START RECORDS TO PROCESS

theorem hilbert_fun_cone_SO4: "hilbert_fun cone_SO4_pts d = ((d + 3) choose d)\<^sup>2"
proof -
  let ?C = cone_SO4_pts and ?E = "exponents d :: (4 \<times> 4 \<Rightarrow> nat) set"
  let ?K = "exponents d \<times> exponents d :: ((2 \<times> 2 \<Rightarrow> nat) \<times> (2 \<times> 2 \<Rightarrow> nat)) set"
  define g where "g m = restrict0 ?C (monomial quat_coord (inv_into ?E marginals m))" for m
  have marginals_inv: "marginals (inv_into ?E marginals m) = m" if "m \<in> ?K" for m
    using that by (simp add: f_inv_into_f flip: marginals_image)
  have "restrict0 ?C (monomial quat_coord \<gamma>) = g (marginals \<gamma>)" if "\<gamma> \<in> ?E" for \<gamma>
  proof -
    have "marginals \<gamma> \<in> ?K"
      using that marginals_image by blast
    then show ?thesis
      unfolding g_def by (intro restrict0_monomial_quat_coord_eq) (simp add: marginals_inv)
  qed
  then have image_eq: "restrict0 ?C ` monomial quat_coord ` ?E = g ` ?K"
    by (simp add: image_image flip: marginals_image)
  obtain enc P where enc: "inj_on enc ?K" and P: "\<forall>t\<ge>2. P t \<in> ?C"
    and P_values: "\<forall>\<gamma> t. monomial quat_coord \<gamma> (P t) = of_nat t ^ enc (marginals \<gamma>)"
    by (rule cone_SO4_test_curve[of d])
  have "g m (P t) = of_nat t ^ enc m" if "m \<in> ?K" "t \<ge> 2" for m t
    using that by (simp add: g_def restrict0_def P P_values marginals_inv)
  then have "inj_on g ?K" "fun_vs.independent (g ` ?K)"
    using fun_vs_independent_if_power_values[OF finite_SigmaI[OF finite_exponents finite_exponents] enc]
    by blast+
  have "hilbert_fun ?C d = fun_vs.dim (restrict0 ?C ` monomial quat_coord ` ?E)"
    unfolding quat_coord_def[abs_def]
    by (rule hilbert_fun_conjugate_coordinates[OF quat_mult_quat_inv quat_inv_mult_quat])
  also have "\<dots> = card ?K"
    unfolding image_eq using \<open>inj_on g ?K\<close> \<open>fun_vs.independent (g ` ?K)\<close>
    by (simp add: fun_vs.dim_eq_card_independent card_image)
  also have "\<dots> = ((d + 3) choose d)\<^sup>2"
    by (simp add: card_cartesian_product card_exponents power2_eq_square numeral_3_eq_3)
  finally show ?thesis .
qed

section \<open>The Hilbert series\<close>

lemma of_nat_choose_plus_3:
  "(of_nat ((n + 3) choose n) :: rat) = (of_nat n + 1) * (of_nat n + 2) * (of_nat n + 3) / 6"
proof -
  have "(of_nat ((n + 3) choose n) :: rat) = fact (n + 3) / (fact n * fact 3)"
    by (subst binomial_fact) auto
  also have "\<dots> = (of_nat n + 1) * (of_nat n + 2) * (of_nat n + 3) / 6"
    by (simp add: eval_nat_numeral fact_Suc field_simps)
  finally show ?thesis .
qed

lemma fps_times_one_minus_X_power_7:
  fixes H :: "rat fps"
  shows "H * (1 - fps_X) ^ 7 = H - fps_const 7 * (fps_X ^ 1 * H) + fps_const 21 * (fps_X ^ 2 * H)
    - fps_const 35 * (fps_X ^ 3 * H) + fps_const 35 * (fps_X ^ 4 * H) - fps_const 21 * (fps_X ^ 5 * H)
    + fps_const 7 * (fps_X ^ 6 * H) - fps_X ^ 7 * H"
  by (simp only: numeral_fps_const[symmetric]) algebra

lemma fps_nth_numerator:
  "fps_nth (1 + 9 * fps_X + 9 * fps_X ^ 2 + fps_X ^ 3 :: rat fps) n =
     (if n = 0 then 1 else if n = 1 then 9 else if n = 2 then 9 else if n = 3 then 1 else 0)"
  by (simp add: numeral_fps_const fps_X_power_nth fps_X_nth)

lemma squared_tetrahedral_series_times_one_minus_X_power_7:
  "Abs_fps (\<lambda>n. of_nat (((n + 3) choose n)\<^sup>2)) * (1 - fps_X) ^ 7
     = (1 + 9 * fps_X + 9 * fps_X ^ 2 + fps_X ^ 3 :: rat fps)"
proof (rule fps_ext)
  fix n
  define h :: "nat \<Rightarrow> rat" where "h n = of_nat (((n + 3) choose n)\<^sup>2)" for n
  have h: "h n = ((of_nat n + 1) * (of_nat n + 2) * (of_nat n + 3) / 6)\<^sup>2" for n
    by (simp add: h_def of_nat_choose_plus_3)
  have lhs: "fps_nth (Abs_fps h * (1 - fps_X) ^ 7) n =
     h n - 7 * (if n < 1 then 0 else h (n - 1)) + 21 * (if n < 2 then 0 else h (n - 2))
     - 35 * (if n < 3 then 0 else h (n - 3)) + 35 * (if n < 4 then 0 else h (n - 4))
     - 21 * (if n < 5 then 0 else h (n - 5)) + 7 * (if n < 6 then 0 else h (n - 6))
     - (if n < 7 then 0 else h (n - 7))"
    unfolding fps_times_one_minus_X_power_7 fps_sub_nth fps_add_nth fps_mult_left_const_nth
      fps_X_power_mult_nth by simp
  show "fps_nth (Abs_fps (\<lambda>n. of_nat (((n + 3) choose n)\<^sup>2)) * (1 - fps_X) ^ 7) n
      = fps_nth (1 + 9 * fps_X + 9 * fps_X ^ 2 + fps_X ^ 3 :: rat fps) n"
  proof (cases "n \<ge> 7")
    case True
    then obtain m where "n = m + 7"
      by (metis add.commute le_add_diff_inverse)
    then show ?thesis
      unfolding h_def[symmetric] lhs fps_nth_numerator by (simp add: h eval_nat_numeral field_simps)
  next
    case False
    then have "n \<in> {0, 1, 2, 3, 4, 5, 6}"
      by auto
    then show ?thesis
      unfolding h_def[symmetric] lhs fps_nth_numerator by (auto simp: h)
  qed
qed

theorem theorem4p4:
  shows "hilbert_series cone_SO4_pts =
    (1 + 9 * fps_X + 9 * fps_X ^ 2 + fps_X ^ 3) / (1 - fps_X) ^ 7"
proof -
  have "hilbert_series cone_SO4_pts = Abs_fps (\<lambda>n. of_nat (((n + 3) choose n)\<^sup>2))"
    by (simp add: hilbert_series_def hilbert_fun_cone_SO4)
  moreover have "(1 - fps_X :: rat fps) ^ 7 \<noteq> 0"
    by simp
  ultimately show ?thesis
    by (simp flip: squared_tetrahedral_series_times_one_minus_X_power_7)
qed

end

END RECORDS TO PROCESS
START RECORDS TO PROCESS

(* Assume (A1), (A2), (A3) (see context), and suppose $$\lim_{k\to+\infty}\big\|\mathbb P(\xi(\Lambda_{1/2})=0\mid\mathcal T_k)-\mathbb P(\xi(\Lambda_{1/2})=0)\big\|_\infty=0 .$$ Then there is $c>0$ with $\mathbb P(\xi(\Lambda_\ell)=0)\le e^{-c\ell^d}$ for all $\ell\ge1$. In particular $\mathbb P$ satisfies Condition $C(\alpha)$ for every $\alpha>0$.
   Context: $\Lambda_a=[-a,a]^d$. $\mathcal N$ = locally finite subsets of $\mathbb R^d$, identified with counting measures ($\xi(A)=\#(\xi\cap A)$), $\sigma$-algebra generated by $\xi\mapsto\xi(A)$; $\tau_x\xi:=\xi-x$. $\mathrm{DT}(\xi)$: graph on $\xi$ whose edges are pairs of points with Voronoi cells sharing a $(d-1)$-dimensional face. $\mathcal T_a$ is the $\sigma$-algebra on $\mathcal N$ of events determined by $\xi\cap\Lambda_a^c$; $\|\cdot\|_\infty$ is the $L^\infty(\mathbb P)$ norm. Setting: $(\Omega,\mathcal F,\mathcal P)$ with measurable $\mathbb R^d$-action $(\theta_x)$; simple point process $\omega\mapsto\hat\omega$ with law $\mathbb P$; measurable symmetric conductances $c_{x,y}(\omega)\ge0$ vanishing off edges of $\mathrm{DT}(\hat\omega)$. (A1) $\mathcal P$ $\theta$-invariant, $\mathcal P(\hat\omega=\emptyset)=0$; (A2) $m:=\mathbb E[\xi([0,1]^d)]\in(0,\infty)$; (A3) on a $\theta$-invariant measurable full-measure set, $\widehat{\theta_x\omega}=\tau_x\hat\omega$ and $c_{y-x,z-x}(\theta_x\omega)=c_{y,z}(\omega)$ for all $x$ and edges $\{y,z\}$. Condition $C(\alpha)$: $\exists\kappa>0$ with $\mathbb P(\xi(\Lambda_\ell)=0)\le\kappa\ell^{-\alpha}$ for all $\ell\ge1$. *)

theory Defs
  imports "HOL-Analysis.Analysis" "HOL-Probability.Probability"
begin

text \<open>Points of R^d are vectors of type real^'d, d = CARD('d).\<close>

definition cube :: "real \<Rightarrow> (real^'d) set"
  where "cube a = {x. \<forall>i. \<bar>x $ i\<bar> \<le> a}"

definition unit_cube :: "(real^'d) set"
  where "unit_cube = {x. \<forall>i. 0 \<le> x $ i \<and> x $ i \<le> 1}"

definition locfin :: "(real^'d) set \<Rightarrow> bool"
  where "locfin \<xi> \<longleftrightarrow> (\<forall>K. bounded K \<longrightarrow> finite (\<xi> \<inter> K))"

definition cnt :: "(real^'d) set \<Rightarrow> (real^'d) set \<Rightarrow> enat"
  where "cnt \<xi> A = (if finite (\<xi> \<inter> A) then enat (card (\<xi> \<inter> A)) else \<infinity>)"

END RECORDS TO PROCESS
START RECORDS TO PROCESS

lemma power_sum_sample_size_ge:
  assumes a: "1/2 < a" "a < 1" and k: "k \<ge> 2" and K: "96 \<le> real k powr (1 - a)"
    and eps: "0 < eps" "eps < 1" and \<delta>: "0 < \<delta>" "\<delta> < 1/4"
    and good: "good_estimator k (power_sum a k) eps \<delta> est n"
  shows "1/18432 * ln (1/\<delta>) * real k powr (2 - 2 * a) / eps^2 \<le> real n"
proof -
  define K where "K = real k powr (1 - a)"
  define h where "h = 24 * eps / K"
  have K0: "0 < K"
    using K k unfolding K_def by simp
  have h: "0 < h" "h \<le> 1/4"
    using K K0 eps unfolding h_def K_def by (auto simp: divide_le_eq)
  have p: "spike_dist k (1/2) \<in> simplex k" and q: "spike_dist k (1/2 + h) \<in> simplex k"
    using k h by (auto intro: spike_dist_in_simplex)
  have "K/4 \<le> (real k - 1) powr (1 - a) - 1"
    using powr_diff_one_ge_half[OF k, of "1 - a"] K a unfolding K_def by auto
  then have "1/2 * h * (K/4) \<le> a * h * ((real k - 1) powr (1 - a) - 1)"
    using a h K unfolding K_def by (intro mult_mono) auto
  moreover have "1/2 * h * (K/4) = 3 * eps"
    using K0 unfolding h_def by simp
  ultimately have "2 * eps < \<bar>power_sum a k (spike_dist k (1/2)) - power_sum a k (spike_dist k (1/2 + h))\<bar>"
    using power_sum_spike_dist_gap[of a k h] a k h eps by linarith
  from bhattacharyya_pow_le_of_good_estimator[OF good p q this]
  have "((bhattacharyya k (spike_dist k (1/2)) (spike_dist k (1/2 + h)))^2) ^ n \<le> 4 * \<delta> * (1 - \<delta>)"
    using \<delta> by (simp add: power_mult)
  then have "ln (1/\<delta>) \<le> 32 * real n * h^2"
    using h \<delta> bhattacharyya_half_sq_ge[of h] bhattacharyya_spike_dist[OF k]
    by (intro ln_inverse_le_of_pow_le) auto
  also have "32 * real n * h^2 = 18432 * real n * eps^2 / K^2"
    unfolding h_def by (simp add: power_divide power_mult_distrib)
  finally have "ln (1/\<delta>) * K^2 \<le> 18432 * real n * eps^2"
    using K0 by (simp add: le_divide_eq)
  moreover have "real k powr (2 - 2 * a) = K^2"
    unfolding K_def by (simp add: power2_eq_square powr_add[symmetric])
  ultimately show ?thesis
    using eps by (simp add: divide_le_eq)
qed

END RECORDS TO PROCESS

_WHAT IS REQUIRED_
Nothing but a number is expected: how many lines in the data above hold the word "shows".

_TASK RESULT_
3